Each span shows exactly how long that operation took. The trace shows the full request timeline across services.

Optimization Patterns

Parallel Independent Calls

import asyncio

# BAD: Sequential — total time = sum of all calls
user = await fetch_user(user_id)
orders = await fetch_orders(user_id)
prefs = await fetch_preferences(user_id)
# Total: 100ms + 80ms + 50ms = 230ms

# GOOD: Parallel — total time = max of all calls
user, orders, prefs = await asyncio.gather(
    fetch_user(user_id),
    fetch_orders(user_id),
    fetch_preferences(user_id),
)
# Total: max(100ms, 80ms, 50ms) = 100ms

Response Caching

from functools import lru_cache
from datetime import datetime, timedelta

cache: dict[str, tuple[any, datetime]] = {}

async def cached_fetch(key: str, fetcher, ttl_seconds: int = 60):
    if key in cache:
        value, expires = cache[key]
        if datetime.utcnow() < expires:
            return value

    value = await fetcher()
    cache[key] = (value, datetime.utcnow() + timedelta(seconds=ttl_seconds))
    return value

Common Mistakes

Mistake 1: Profiling in development only.
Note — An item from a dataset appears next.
(* Let $(X,d)$ be a compact doubling metric space with $\operatorname{diam}(X,d)=1/2$ and $\mathcal S$ a hyperbolic filling with parameters $a\ge\lambda\ge6$. Let $\rho:\mathcal S\to(0,\infty)$ satisfy (H1) and (H4) (exponent $p$). Let $C>1$, let $\mu_k$ be a $(C,\pi)$-balanced probability mass function on $\mathcal S_k$, and let $f_0:\mathcal S_{k+1}\to(0,1]$ be a probability mass function such that $(\mu_k,f_0)$ is $(C,\pi)$-compatible. Let $e=\{w_1,w_1'\}$ be a horizontal edge in $\mathcal S_{k+1}$ on which $f_0$ is $(C,\pi)$-unbalanced. If $e'=\{w,w'\}$ is a horizontal edge in $\mathcal S_{k+1}$ on which $f_0$ is $(C,\pi)$-balanced, then $B^e_{k+1}(f_0)$ is also $(C,\pi)$-balanced on $e'$.
   Context: Hyperbolic filling: $X_0\subset X_1\subset\cdots$ increasing, $X_n$ maximal $a^{-n}$-separated in $X$ ($X_0=\{x_0\}$); $\mathcal S_n=\{(x,n):x\in X_n\}$, $\mathcal S=\bigcup_n\mathcal S_n$, $v_0=(x_0,0)$. Each $(x,n)$, $n\ge1$, has a fixed parent $(y,n-1)$ with $d(x,y)=\min_{z\in X_{n-1}}d(x,z)$; $\mathcal D_n(v)$ = descendants of $v$ in $\mathcal S_n$; genealogy $g(v)=(v_0,\dots,v_k=v)$. $D_2$: graph distance for the graph with edges vertex–parent and horizontal edges between distinct $(x,n),(y,n)$ with $B(x,\lambda a^{-n})\cap B(y,\lambda a^{-n})\ne\emptyset$. $\pi(v)=\prod_{w\in g(v)}\rho(w)$. (H1) $0<\eta_-\le\rho\le\eta_+<1$. (H4) $\sum_{w\in\mathcal D_n(v)}\pi(w)^p\le\pi(v)^p$ for all $v\in\mathcal S_m$, $n>m$. $f:\mathcal S_k\to(0,\infty)$ is $(C,\pi)$-balanced if $f(u)/\pi(u)^p\le C^2f(v)/\pi(v)^p$ for all $u,v\in\mathcal S_k$ with $D_2(u,v)=1$; it is $(C,\pi)$-balanced on an edge $\{u,v\}$ if $C^{-2}f(v)/\pi(v)^p\le f(u)/\pi(u)^p\le C^2f(v)/\pi(v)^p$, and $(C,\pi)$-unbalanced on it otherwise. $(f_0,f_1)$ is $(C,\pi)$-compatible if $f_0(u)/\pi(u)^p\le f_1(v)/\pi(v)^p\le Cf_0(u)/\pi(u)^p$ whenever $u$ is the parent of $v$. Balancing operator: for a horizontal edge $e=\{u,v\}$ in $\mathcal S_j$ and $f:\mathcal S_j\to(0,\infty)$, $B^e_j(f)=f$ if $f$ is balanced on $e$; if $f(u)/\pi(u)^p>C^2f(v)/\pi(v)^p$, then $B^e_j(f)$ agrees with $f$ off $\{u,v\}$ and equals $f(u)-\alpha$ at $u$, $f(v)+\alpha$ at $v$, with $\alpha(C^2/\pi(v)^p+1/\pi(u)^p)=f(u)/\pi(u)^p-C^2f(v)/\pi(v)^p$; symmetrically if $f(v)/\pi(v)^p>C^2f(u)/\pi(u)^p$. *)

theory Defs
  imports "HOL-Analysis.Analysis"
begin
Development databases have less data, no contention, and local latency. Always profile in production or staging with realistic data.

Mistake 2: Adding caching before understanding the bottleneck. Caching a fast query saves nothing. Profile first, cache the slow parts.

Mistake 3: No timeouts on external calls. One slow external dependency without a timeout can cascade into a full system outage.

Takeaways

Debugging slow APIs requires systematic measurement. Instrument request timing. Profile database queries. Find N+1 patterns. Time external API calls. Monitor connection pool health. Parallelize independent operations. The fix is usually in the data access layer, not the application logic.